**What is being asked**
Could you write out the opening lines of the data, word for word, stopping after the line that contains "using \<open>r < n\<close> assms by simp"?

**Available records**

lemma fermat_little_int:
  fixes a :: int
  assumes "prime p"
  shows "[a ^ p = a] (mod int p)"
proof -
  have nat_case: "[b ^ p = b] (mod p)" for b :: nat
  proof (cases "p dvd b")
    case True
    then have "p dvd b ^ p"
      using assms by (meson dvd_power dvd_trans prime_gt_0_nat)
    then have "[b ^ p = 0] (mod p)"
      by (simp add: cong_0_iff)
    moreover have "[0 = b] (mod p)"
      by (rule cong_sym) (simp add: cong_0_iff True)
    ultimately show ?thesis
      by (rule cong_trans)
  next
    case False
    then have "[b * b ^ (p - 1) = b * 1] (mod p)"
      using assms fermat_theorem by (blast intro: cong_scalar_left)
    then show ?thesis
      using assms prime_gt_0_nat by (simp add: power_eq_if)
  qed
  define b where "b = nat (a mod int p)"
  have ab: "[a = int b] (mod int p)"
    using assms prime_gt_0_nat by (simp add: b_def cong_def)
  then have "[a ^ p = int b ^ p] (mod int p)"
    by (rule cong_pow)
  also have "[int b ^ p = int b] (mod int p)"
    using nat_case[of b] by (simp add: cong_int_iff[symmetric])
  also have "[int b = a] (mod int p)"
    using ab by (rule cong_sym)
  finally show ?thesis .
qed

lemma valid_symbol_bounds:
  assumes "valid_symbol n S" and "s \<in> S"
  shows "0 < s \<and> s < n"
proof -
  have "s \<in> {1..n-1}"
    using assms unfolding valid_symbol_def by blast
  then show ?thesis
    by auto
qed

lemma valid_symbol_mirror:
  assumes "valid_symbol n S" and "s \<in> S"
  shows "n - s \<in> S"
proof -
  have s: "0 < s \<and> s < n"
    using valid_symbol_bounds[OF assms] .
  have "n - s \<in> S \<longleftrightarrow> n - s \<in> {1..n-1} \<and> n - (n - s) \<in> S"
    using assms(1) unfolding valid_symbol_def by blast
  then show ?thesis
    using s assms(2) by auto
qed

lemma mod_diff_involution:
  fixes i k n :: nat
  assumes "i < n" and "k < n"
  shows "(i + n - (i + n - k) mod n) mod n = k"
proof -
  define r where "r = (i + n - k) mod n"
  have "r < n"
    using assms by (simp add: r_def)
  have "[(i + n - r) + r = k + (i + n - k)] (mod n)"
    using \<open>r < n\<close> assms by simp
  also have "[k + (i + n - k) = k + r] (mod n)"
    by (simp add: r_def cong_add_lcancel_nat)
  finally have "[i + n - r = k] (mod n)"
    by (simp add: cong_add_rcancel_nat)
  then show ?thesis
    using assms(2) by (simp add: r_def cong_def)
qed

lemma diff_mod_diff_cong:
  fixes i s n :: nat
  assumes "i < n" and "s < n"
  shows "[n - (i + n - s) mod n = s + (n - i)] (mod n)"
proof -
  define r where "r = (i + n - s) mod n"
  have "r < n"
    using assms by (simp add: r_def)
  have "[(n - r) + r = 0] (mod n)"
    using \<open>r < n\<close> by (simp add: cong_0_iff)
  also have "[0 = (s + (n - i)) + (i + n - s)] (mod n)"
    using assms by (simp add: cong_def)
  also have "[(s + (n - i)) + (i + n - s) = (s + (n - i)) + r] (mod n)"
    by (simp add: r_def cong_add_lcancel_nat)
  finally show ?thesis
    by (simp add: r_def cong_add_rcancel_nat)
qed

**Exercise output**
lemma fermat_little_int:
  fixes a :: int
  assumes "prime p"
  shows "[a ^ p = a] (mod int p)"
proof -
  have nat_case: "[b ^ p = b] (mod p)" for b :: nat
  proof (cases "p dvd b")
    case True
    then have "p dvd b ^ p"
      using assms by (meson dvd_power dvd_trans prime_gt_0_nat)
    then have "[b ^ p = 0] (mod p)"
      by (simp add: cong_0_iff)
    moreover have "[0 = b] (mod p)"
      by (rule cong_sym) (simp add: cong_0_iff True)
    ultimately show ?thesis
      by (rule cong_trans)
  next
    case False
    then have "[b * b ^ (p - 1) = b * 1] (mod p)"
      using assms fermat_theorem by (blast intro: cong_scalar_left)
    then show ?thesis
      using assms prime_gt_0_nat by (simp add: power_eq_if)
  qed
  define b where "b = nat (a mod int p)"
  have ab: "[a = int b] (mod int p)"
    using assms prime_gt_0_nat by (simp add: b_def cong_def)
  then have "[a ^ p = int b ^ p] (mod int p)"
    by (rule cong_pow)
  also have "[int b ^ p = int b] (mod int p)"
    using nat_case[of b] by (simp add: cong_int_iff[symmetric])
  also have "[int b = a] (mod int p)"
    using ab by (rule cong_sym)
  finally show ?thesis .
qed

lemma valid_symbol_bounds:
  assumes "valid_symbol n S" and "s \<in> S"
  shows "0 < s \<and> s < n"
proof -
  have "s \<in> {1..n-1}"
    using assms unfolding valid_symbol_def by blast
  then show ?thesis
    by auto
qed

lemma valid_symbol_mirror:
  assumes "valid_symbol n S" and "s \<in> S"
  shows "n - s \<in> S"
proof -
  have s: "0 < s \<and> s < n"
    using valid_symbol_bounds[OF assms] .
  have "n - s \<in> S \<longleftrightarrow> n - s \<in> {1..n-1} \<and> n - (n - s) \<in> S"
    using assms(1) unfolding valid_symbol_def by blast
  then show ?thesis
    using s assms(2) by auto
qed

lemma mod_diff_involution:
  fixes i k n :: nat
  assumes "i < n" and "k < n"
  shows "(i + n - (i + n - k) mod n) mod n = k"
proof -
  define r where "r = (i + n - k) mod n"
  have "r < n"
    using assms by (simp add: r_def)
  have "[(i + n - r) + r = k + (i + n - k)] (mod n)"
    using \<open>r < n\<close> assms by simp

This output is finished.